Cheap tyre imports pose threat to domestic tyre mkt: AITDF
New Delhi, May 2 (UNI) Rupee appreciation in the last eight weeks and a five per cent cut in the custom duty in this year's Budget has affected the domestic tyre producers largely with tyre imports getting cheaper by four to five per cent during March-April.
''The six to seven per cent appreciation in Indian Rupee against the US dollar in March-April'07) has come as a shot in arm to the domestic tyre market. Also, the cut in custom duty in the Union Budget impacted the tyre market leading to a reduction of Rs 650-Rs 800 in the import bill on tyres,'' All India Tyre Dealers Federation (AITDF) said here today.

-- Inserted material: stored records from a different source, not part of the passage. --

(* The ladder chain $L(2,2,\sqrt2-1)$ is recurrent; that is, if $\mathbf{S}=(S_n:n\ge1)\sim L(2,2,\sqrt2-1)$ then $\mathbb{P}(S_n\neq 0\text{ for all }n\ge1)=0$.
   Context: Ladder chain: let $\xi_1,\xi_2,\dots$ be i.i.d. with values in $\{1,-1\}$, $\mathbb{P}(\xi_i=1)=p$, $\mathbb{P}(\xi_i=-1)=1-p$, and let $r,s$ be positive integers. Define $X_k=-1$ if $\xi_k=-1$; $X_k=s$ if $k\ge r$ and $\xi_k=\xi_{k-1}=\dots=\xi_{k-r+1}=1$; and $X_k=1$ otherwise. Let $S_n=X_1+\dots+X_n$. The process $\mathbf{S}=(S_n:n\ge1)$ is a ladder chain of order $r$, step $s$, probability $p$, written $\mathbf{S}\sim L(r,s,p)$. A ladder chain is transient if $\mathbb{P}(S_n\neq0\text{ for all }n\ge1)>0$, and recurrent otherwise. *)

theory Defs
  imports "HOL-Probability.Probability"
begin

text \<open>The i.i.d. sequence xi_1, xi_2, ... is realised canonically on the space of
  boolean streams with the product of Bernoulli(p) measures: xi_k = 1 iff the
  (k-1)-th entry of the stream (0-based) is True, which has probability p.\<close>

definition ladder_space :: "real \<Rightarrow> bool stream measure" where
  "ladder_space p = stream_space (measure_pmf (bernoulli_pmf p))"

definition ladder_xi :: "bool stream \<Rightarrow> nat \<Rightarrow> int" where
  "ladder_xi \<omega> k = (if \<omega> !! (k - 1) then 1 else -1)"

definition ladder_X :: "nat \<Rightarrow> nat \<Rightarrow> bool stream \<Rightarrow> nat \<Rightarrow> int" where
  "ladder_X r s \<omega> k =
     (if ladder_xi \<omega> k = -1 then -1
      else if k \<ge> r \<and> (\<forall>j\<in>{k - r + 1..k}. ladder_xi \<omega> j = 1) then int s
      else 1)"

definition ladder_S :: "nat \<Rightarrow> nat \<Rightarrow> bool stream \<Rightarrow> nat \<Rightarrow> int" where
  "ladder_S r s \<omega> n = (\<Sum>k = 1..n. ladder_X r s \<omega> k)"

definition ladder_escape :: "nat \<Rightarrow> nat \<Rightarrow> bool stream set" where
  "ladder_escape r s = {\<omega>. \<forall>n\<ge>1. ladder_S r s \<omega> n \<noteq> 0}"

definition ladder_transient :: "nat \<Rightarrow> nat \<Rightarrow> real \<Rightarrow> bool" where
  "ladder_transient r s p \<longleftrightarrow> measure (ladder_space p) (ladder_escape r s) > 0"

end

theory Submission
  imports Defs
begin

text \<open>For order 2 the chain is a Markov chain on the states (S_n, [\<xi>_n = 1]), driven by one coin
  toss per step. For p = \<surd>2 - 1, the root of p^2 + 2p = 1, the height S_n + p[\<xi>_n = 1]
  is a martingale; by concavity its square root is superharmonic wherever |S_n| \<ge> 3, and it
  tends to infinity. A maximum principle then forces every bounded function that is subharmonic
  off {S = 0} and vanishes there to be nonpositive, and the probability of never returning to 0
  is such a function.\<close>

section \<open>A maximum principle for two-point random walks\<close>

definition step_mean :: "('a \<Rightarrow> bool \<Rightarrow> 'a) \<Rightarrow> real \<Rightarrow> ('a \<Rightarrow> real) \<Rightarrow> 'a \<Rightarrow> real" where
  "step_mean f q g y = q * g (f y True) + (1 - q) * g (f y False)"

lemma submean_max_successor:
  assumes q: "0 < q" "q < 1" and le: "\<And>z. g z \<le> M" and "g y = M"
    and sub: "g y \<le> step_mean f q g y"
  shows "g (f y t) = M"
proof -
  have T: "0 \<le> q * (M - g (f y True))" and F: "0 \<le> (1 - q) * (M - g (f y False))"
    using q le by simp_all
  have "q * (M - g (f y True)) + (1 - q) * (M - g (f y False)) \<le> 0"
    using sub \<open>g y = M\<close> by (simp add: step_mean_def algebra_simps)
  then have "q * (M - g (f y True)) = 0" "(1 - q) * (M - g (f y False)) = 0"
    using T F by linarith+
  then show ?thesis
    using q by (cases t) auto
qed
(* Let $(V,g)$ be a $4$-dimensional oriented Euclidean vector space and let $R \in \operatorname{Sym}^2_B(\Lambda^2 V)$ be Einstein. Denote by $R_\pm$ the restriction of $R$ to $\Lambda^\pm V$ and by $L_\pm$ the orthogonal projection of $L \in \Lambda^2 V$ onto $\Lambda^\pm V$. Then $$ |LR|^2 = |L_+ R_+|^2 + |L_- R_-|^2 \quad \text{for all } L \in \Lambda^2 V. $$ In particular, suppose $e_1,\ldots,e_4$ is an oriented orthonormal basis of $V$ such that the orthonormal basis $\Xi_1 = \frac{1}{\sqrt 2}(e_1\wedge e_2 + e_3 \wedge e_4)$, $\Xi_2 = \frac{1}{\sqrt 2}(e_1\wedge e_3 - e_2 \wedge e_4)$, $\Xi_3 = \frac{1}{\sqrt 2}(e_1\wedge e_4 + e_2 \wedge e_3)$ of $\Lambda^+ V$ and $\Xi_4 = \frac{1}{\sqrt 2}(e_1\wedge e_2 - e_3 \wedge e_4)$, $\Xi_5 = \frac{1}{\sqrt 2}(e_1\wedge e_3 + e_2 \wedge e_4)$, $\Xi_6 = \frac{1}{\sqrt 2}(e_1\wedge e_4 - e_2 \wedge e_3)$ of $\Lambda^- V$ diagonalizes $R$, with $R(\Xi_\alpha,\cdot) = \lambda_\alpha g(\Xi_\alpha,\cdot)$. If $L = \sum_{\alpha=1}^6 a_\alpha \Xi_\alpha$, then $$ |LR|^2 = 4 \sum_{\gamma=1}^6 a_\gamma^2 (\lambda_\alpha - \lambda_\beta)^2 \leq 4(\lambda_{\max} - \lambda_{\min})^2 |L|^2, $$ where for each $\gamma$ the indices $\alpha < \beta$ are such that $\{\alpha,\beta,\gamma\} = \{1,2,3\}$ or $\{4,5,6\}$.
   Context: $\mathfrak{so}(V)$ is identified with $\Lambda^2 V$ via $(X \wedge Y)(Z) = g(X,Z)Y - g(Y,Z)X$; $\Lambda^2 V$ has the inner product making $\{e_i\wedge e_j\}_{i<j}$ orthonormal. $\operatorname{Sym}^2_B(\Lambda^2 V)$ is the space of symmetric bilinear forms $R$ on $\Lambda^2 V$ whose associated tensor $\operatorname{Rm}(x,y,z,w) = R(x\wedge y, z\wedge w)$ satisfies the first Bianchi identity; $R$ is Einstein if $\operatorname{Ric}(Y,W) = \sum_i \operatorname{Rm}(Y,e_i,W,e_i)$ is a multiple of $g$. $\Lambda^\pm V$ are the $\pm 1$ eigenspaces of the Hodge star. $L$ acts on $\Lambda^2 V$ by $L(x\wedge y) = Lx\wedge y + x\wedge Ly$ (this preserves $\Lambda^\pm V$ for $L \in \Lambda^\pm V$), and on symmetric bilinear forms $S$ on $\Lambda^2 V$ (or on $\Lambda^\pm V$) by $(LS)(\xi,\eta) = -S(L\xi,\eta) - S(\xi,L\eta)$; norms of such forms are $|S|^2 = \sum_{\alpha,\beta} S(\Xi_\alpha,\Xi_\beta)^2$ over an orthonormal basis, and $\lambda_{\max},\lambda_{\min}$ are the largest and smallest eigenvalues of $R$. *)

theory Defs
  imports "HOL-Analysis.Analysis"
begin

text \<open>Model: V = real^4 with the standard inner product g = (\<bullet>) and the standard
orientation (an ordered basis is positive iff the determinant of the matrix whose rows are the
basis vectors is positive).  Lambda^2 V is identified with so(V), i.e. skew-symmetric 4x4
matrices acting on V, via (X wedge Y)(Z) = g(X,Z) Y - g(Y,Z) X.\<close>

type_synonym vec4 = "real^4"
type_synonym bivec = "real^4^4"

definition wedge :: "vec4 \<Rightarrow> vec4 \<Rightarrow> bivec" where
  "wedge X Y = (\<chi> i j. Y$i * X$j - X$i * Y$j)"

lemma wedge_apply: "wedge X Y *v Z = (X \<bullet> Z) *\<^sub>R Y - (Y \<bullet> Z) *\<^sub>R X"
  unfolding wedge_def
  by (simp add: vec_eq_iff matrix_vector_mult_def inner_vec_def sum_subtractf
      sum_distrib_left sum_distrib_right algebra_simps)

definition Lambda2 :: "bivec set" where
  "Lambda2 = {A. transpose A = - A}"

text \<open>Inner product on Lambda^2 V making {e_i wedge e_j}_{i<j} orthonormal.\<close>
definition bv_inner :: "bivec \<Rightarrow> bivec \<Rightarrow> real" where
  "bv_inner A B = (1/2) * (\<Sum>i\<in>UNIV. \<Sum>j\<in>UNIV. A$i$j * B$i$j)"

text \<open>Standard basis e_1,...,e_4 (e_4 is the element 4 = 0 of the type 4).\<close>
definition std_e :: "4 \<Rightarrow> vec4" where
  "std_e i = axis i 1"
(* For all positive semidefinite $n\times n$ matrices $A$ and $B$ and every $i=1,\dots,n$, $$\lambda_i\big(\min(A,1)\min(B,1)\big)\le \min(\lambda_i(AB),1).$$
   Context: For a positive semidefinite matrix $A$, $\min(A,1)$ denotes the matrix obtained by functional calculus from the function $x\mapsto\min(x,1)$, i.e. every eigenvalue of $A$ larger than $1$ is replaced by $1$ in a spectral decomposition. For a matrix $X$ with real nonnegative spectrum, $\lambda_1(X)\ge\dots\ge\lambda_n(X)$ denote its eigenvalues sorted non-increasingly. *)

theory Defs
  imports "Jordan_Normal_Form.Schur_Decomposition" "HOL-Library.Multiset"
begin

definition hermitian_mat :: "complex mat \<Rightarrow> bool" where
  "hermitian_mat A \<longleftrightarrow> dim_row A = dim_col A \<and> mat_adjoint A = A"

definition psd_mat :: "nat \<Rightarrow> complex mat \<Rightarrow> bool" where
  "psd_mat n A \<longleftrightarrow> A \<in> carrier_mat n n \<and> hermitian_mat A \<and>
     (\<forall>v \<in> carrier_vec n. (conjugate v \<bullet> (A *\<^sub>v v)) \<in> \<real> \<and>
                           Re (conjugate v \<bullet> (A *\<^sub>v v)) \<ge> 0)"

definition unitary_mat :: "nat \<Rightarrow> complex mat \<Rightarrow> bool" where
  "unitary_mat n U \<longleftrightarrow> U \<in> carrier_mat n n \<and> U * mat_adjoint U = 1\<^sub>m n
                         \<and> mat_adjoint U * U = 1\<^sub>m n"

definition diag_min1 :: "complex mat \<Rightarrow> complex mat" where
  "diag_min1 D = mat (dim_row D) (dim_col D)
      (\<lambda>(i,j). if i = j then complex_of_real (min (Re (D $$ (i,i))) 1) else 0)"

(* functional calculus min(A,1) via a spectral decomposition A = U D U^* *)
definition mat_min1 :: "complex mat \<Rightarrow> complex mat" where
  "mat_min1 A = (SOME M. \<exists>U D. unitary_mat (dim_row A) U \<and>
      D \<in> carrier_mat (dim_row A) (dim_row A) \<and> diagonal_mat D \<and>
      (\<forall>i < dim_row A. D $$ (i,i) \<in> \<real>) \<and>
      A = U * D * mat_adjoint U \<and> M = U * diag_min1 D * mat_adjoint U)"

(* eigenvalues (with algebraic multiplicity), real parts, sorted non-increasingly *)
definition eig_list :: "complex mat \<Rightarrow> real list" where
  "eig_list X = rev (sorted_list_of_multiset (image_mset Re (proots (char_poly X))))"

(* lambda_i(X) for i = 1..n *)
definition eig :: "complex mat \<Rightarrow> nat \<Rightarrow> real" where
  "eig X i = eig_list X ! (i - 1)"

end

theory Submission
  imports Defs
begin

text \<open>If \<open>B = S\<^sup>2\<close> with \<open>S\<close> hermitian, then \<open>X B\<close> and \<open>S X S\<close> have the same characteristic
  polynomial, since \<open>char_poly (P Q) = char_poly (Q P)\<close>. By Weyl's monotonicity theorem
  (Courant--Fischer) the ordered eigenvalues of \<open>S X S\<close> are monotone in \<open>X\<close> for the Loewner
  order, hence so are those of \<open>X B\<close> for positive semidefinite \<open>B\<close>. Writing \<open>A' = min(A,1)\<close>, we
  have \<open>A' \<le> A\<close> and \<open>A' \<le> 1\<close>, so
  \<open>\<lambda>\<^sub>i(A' B') \<le> \<lambda>\<^sub>i(A B') = \<lambda>\<^sub>i(B' A) \<le> \<lambda>\<^sub>i(B A) = \<lambda>\<^sub>i(A B)\<close> and
  \<open>\<lambda>\<^sub>i(A' B') \<le> \<lambda>\<^sub>i(B') \<le> \<lambda>\<^sub>i(1) = 1\<close>.\<close>

section \<open>Adjoints, quadratic forms and unitary matrices\<close>

lemma mat_adjoint_alt:
  "mat_adjoint (A::complex mat) = mat (dim_col A) (dim_row A) (\<lambda>(i,j). cnj (A $$ (j,i)))"
  unfolding mat_adjoint_def mat_of_rows_def by (rule eq_matI) (simp_all add: cols_nth)

lemma mat_adjoint_dim [simp]:
  "dim_row (mat_adjoint (A::complex mat)) = dim_col A"
  "dim_col (mat_adjoint (A::complex mat)) = dim_row A"
  by (simp_all add: mat_adjoint_alt)

lemma index_mat_adjoint [simp]:
  "i < dim_col A \<Longrightarrow> j < dim_row A \<Longrightarrow> mat_adjoint (A::complex mat) $$ (i,j) = cnj (A $$ (j,i))"
  by (simp add: mat_adjoint_alt)

lemma mat_adjoint_carrier [simp]: "(A::complex mat) \<in> carrier_mat n m \<Longrightarrow> mat_adjoint A \<in> carrier_mat m n"
  unfolding carrier_mat_def by simp

lemma mat_adjoint_adjoint [simp]: "mat_adjoint (mat_adjoint A) = (A :: complex mat)"
  by (rule eq_matI) simp_all

lemma mat_adjoint_one [simp]: "mat_adjoint (1\<^sub>m n) = (1\<^sub>m n :: complex mat)"
  by (rule eq_matI) simp_all

lemma mat_adjoint_mult:
  fixes A :: "complex mat"
  assumes "A \<in> carrier_mat n k" "B \<in> carrier_mat k m"
  shows "mat_adjoint (A * B) = mat_adjoint B * mat_adjoint A"
proof (rule eq_matI)
  fix i j assume "i < dim_row (mat_adjoint B * mat_adjoint A)" "j < dim_col (mat_adjoint B * mat_adjoint A)"
  with assms show "mat_adjoint (A * B) $$ (i, j) = (mat_adjoint B * mat_adjoint A) $$ (i, j)"
    by (simp add: scalar_prod_def cnj_sum mult.commute)
qed (use assms in simp_all)

lemma conjugate_sprod_mult_mat_vec:
  fixes A :: "complex mat"
  assumes "A \<in> carrier_mat n m" "u \<in> carrier_vec n" "w \<in> carrier_vec m"
  shows "conjugate u \<bullet> (A *\<^sub>v w) = conjugate (mat_adjoint A *\<^sub>v u) \<bullet> w"
proof -
  have "conjugate u \<bullet> (A *\<^sub>v w) = (\<Sum>i<n. \<Sum>j<m. cnj (u $ i) * A $$ (i,j) * w $ j)"
    using assms by (simp add: scalar_prod_def mult_mat_vec_def lessThan_atLeast0 sum_distrib_left mult.assoc)
  also have "\<dots> = (\<Sum>j<m. \<Sum>i<n. cnj (u $ i) * A $$ (i,j) * w $ j)"
    by (rule sum.swap)
  also have "\<dots> = conjugate (mat_adjoint A *\<^sub>v u) \<bullet> w"
    using assms by (simp add: scalar_prod_def mult_mat_vec_def lessThan_atLeast0 sum_distrib_left
        sum_distrib_right mult_ac)
  finally show ?thesis .
qed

Last year, the average monthly import of radial truck and bus tyres was a meager 15,000 units which has increased to a whopping 45,000 tyres per month this year.
This has, in addition to an increase in the supply of such tyres, also lead to the reduction in the selling price of the pair of truck and bus tyre from Rs 21,500 to Rs 20,700.
The imported truck radial today captures 75 per cent of the Indian market as against 25 per cent share enjoyed by the domestic tyre makers.
''After several years, there seem to be some indications of loosening in of oligopolistic stranglehold of domestic tyre majors,''AITDF added.
''The government should take urgent practical measure in instantaneously removing 16 per cent countervailing duty (CVD) on import of truck/bus radial tyres. This will also help to contain the inflation because tyres constitute 35 per cent of the operating cost of a truck operator,'' said the AITDF.